Detect character communities in the hero–hero network using the Louvain method.
Communities represent clusters of characters who co-appear frequently across comics.

In [37]:
# Run Louvain community detection
partition = community_louvain.best_partition(G, weight="weight")

# Attach community labels to DataFrame
metrics["community"] = metrics["character"].map(partition)

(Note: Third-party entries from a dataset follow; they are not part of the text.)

lemma descent_poly_recurrence_root:
  assumes "par u = None"
  shows "of_nat (card star) * descent_poly V par = (\<Sum>i\<in>{0..card children}. monom 1 i) * descent_poly V par_cut"
proof -
  have rank_sum: "(\<Sum>y\<in>star. monom 1 (rank_above w star y)) = (\<Sum>i\<in>{0..card children}. monom 1 i)"
    if w: "w \<in> labelings V" for w
    using sum_rank_above[OF finite_star labeling_inj_on_star[OF w]] card_star
    by (simp add: lessThan_Suc_atMost atMost_atLeast0)
  have "of_nat (card star) * descent_poly V par =
      (\<Sum>w\<in>labelings V. monom 1 (des V par_cut w) * (\<Sum>i\<in>{0..card children}. monom 1 i))"
    unfolding card_star_mult_descent_poly
    by (intro sum.cong refl) (simp only: assms option.case add_0_right rank_sum)
  also have "\<dots> = descent_poly V par_cut * (\<Sum>i\<in>{0..card children}. monom 1 i)"
    unfolding descent_poly_def by (rule sum_distrib_right[symmetric])
  finally show ?thesis by (simp only: mult.commute)
qed

lemma symmetric_unimodal_descent_poly_root_step:
  assumes root: "par u = None"
    and cut: "symmetric_unimodal (int (num_edges V par_cut)) (int_coeff (descent_poly V par_cut))"
  shows "symmetric_unimodal (int (num_edges V par)) (int_coeff (descent_poly V par))"
proof -
  have "symmetric_unimodal (int (num_edges V par_cut) + int 0 + int (card children))
      (\<lambda>k. \<Sum>i\<in>{0..card children}. int_coeff (descent_poly V par_cut) (k - int i))"
    by (rule symmetric_unimodal_block_convolution[OF cut]) simp
  moreover have "card star * int_coeff (descent_poly V par) k
      = (\<Sum>i\<in>{0..card children}. int_coeff (descent_poly V par_cut) (k - int i))" for k
    by (simp only: int_coeff_of_nat_mult[symmetric] descent_poly_recurrence_root[OF root] int_coeff_monom_sum_mult)
  ultimately have "symmetric_unimodal (int (num_edges V par)) (\<lambda>k. card star * int_coeff (descent_poly V par) k)"
    using num_edges_par_cut root by simp
  then show ?thesis by (rule symmetric_unimodal_mult_cancel) (simp add: card_star)
qed

lemma symmetric_unimodal_descent_poly_parent_step:
  assumes p: "par u = Some p"
    and cut: "symmetric_unimodal (int (num_edges V par_cut)) (int_coeff (descent_poly V par_cut))"
    and regraft: "symmetric_unimodal (int (num_edges V par_regraft)) (int_coeff (descent_poly V par_regraft))"
  shows "symmetric_unimodal (int (num_edges V par)) (int_coeff (descent_poly V par))"
proof -
  have "1 \<le> card children" using children_nonempty finite_children by (simp add: Suc_le_eq card_gt_0_iff)
  then have "symmetric_unimodal (int (num_edges V par_cut) + int 1 + int (card children))
      (\<lambda>k. \<Sum>i\<in>{1..card children}. int_coeff (descent_poly V par_cut) (k - int i))"
    by (rule symmetric_unimodal_block_convolution[OF cut])
  moreover have "int (num_edges V par_cut) + int 1 + int (card children) = int (num_edges V par)"
    using num_edges_par_cut p by simp
  ultimately have "symmetric_unimodal (int (num_edges V par))
      (\<lambda>k. (\<Sum>i\<in>{1..card children}. int_coeff (descent_poly V par_cut) (k - int i))
           + int_coeff (descent_poly V par_regraft) k)"
    using symmetric_unimodal_add regraft num_edges_par_regraft p by simp
  moreover have "card star * int_coeff (descent_poly V par) k
      = (\<Sum>i\<in>{1..card children}. int_coeff (descent_poly V par_cut) (k - int i))
        + int_coeff (descent_poly V par_regraft) k" for k
    by (simp only: int_coeff_of_nat_mult[symmetric] descent_poly_recurrence_parent[OF p]
        int_coeff_add int_coeff_monom_sum_mult)
  ultimately have "symmetric_unimodal (int (num_edges V par)) (\<lambda>k. card star * int_coeff (descent_poly V par) k)"
    by simp
  then show ?thesis by (rule symmetric_unimodal_mult_cancel) (simp add: card_star)
qed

print(f"Detected {len(set(partition.values()))} communities")
display(metrics.head(10))

Detected 52 communities


Unnamed: 0,character,degree_centrality,strength,eigenvector,community
0,CAPTAIN AMERICA,0.298028,16057,0.273361,5
1,SPIDER-MAN/PETER PARKER,0.272403,13730,0.130145,6
2,IRON MAN/TONY STARK,0.243205,11997,0.225258,5
3,THOR/DR. DONALD BLAK,0.204224,11558,0.19953,0
4,THING/BENJAMIN J. GR,0.22488,10772,0.231308,11
5,WOLVERINE/LOGAN,0.21463,10480,0.138351,2
6,HUMAN TORCH/JOHNNY S,0.219289,10377,0.227829,11
7,SCARLET WITCH/WANDA,0.211524,10168,0.215719,5
8,MR. FANTASTIC/REED R,0.21991,9886,0.222814,11
9,VISION,0.193042,9786,0.210616,5


In [38]:
community_sizes = Counter(partition.values())
print("Top 5 communities by size:")
for comm, size in community_sizes.most_common(5):
    print(f"Community {comm}: {size} heroes")

Top 5 communities by size:
Community 2: 1313 heroes
Community 5: 1170 heroes
Community 6: 932 heroes
Community 17: 611 heroes
Community 11: 525 heroes


Note: Louvain community IDs (e.g., 2, 5, 6) are arbitrary labels.  
The sizes above are sorted by number of heroes, not by community ID.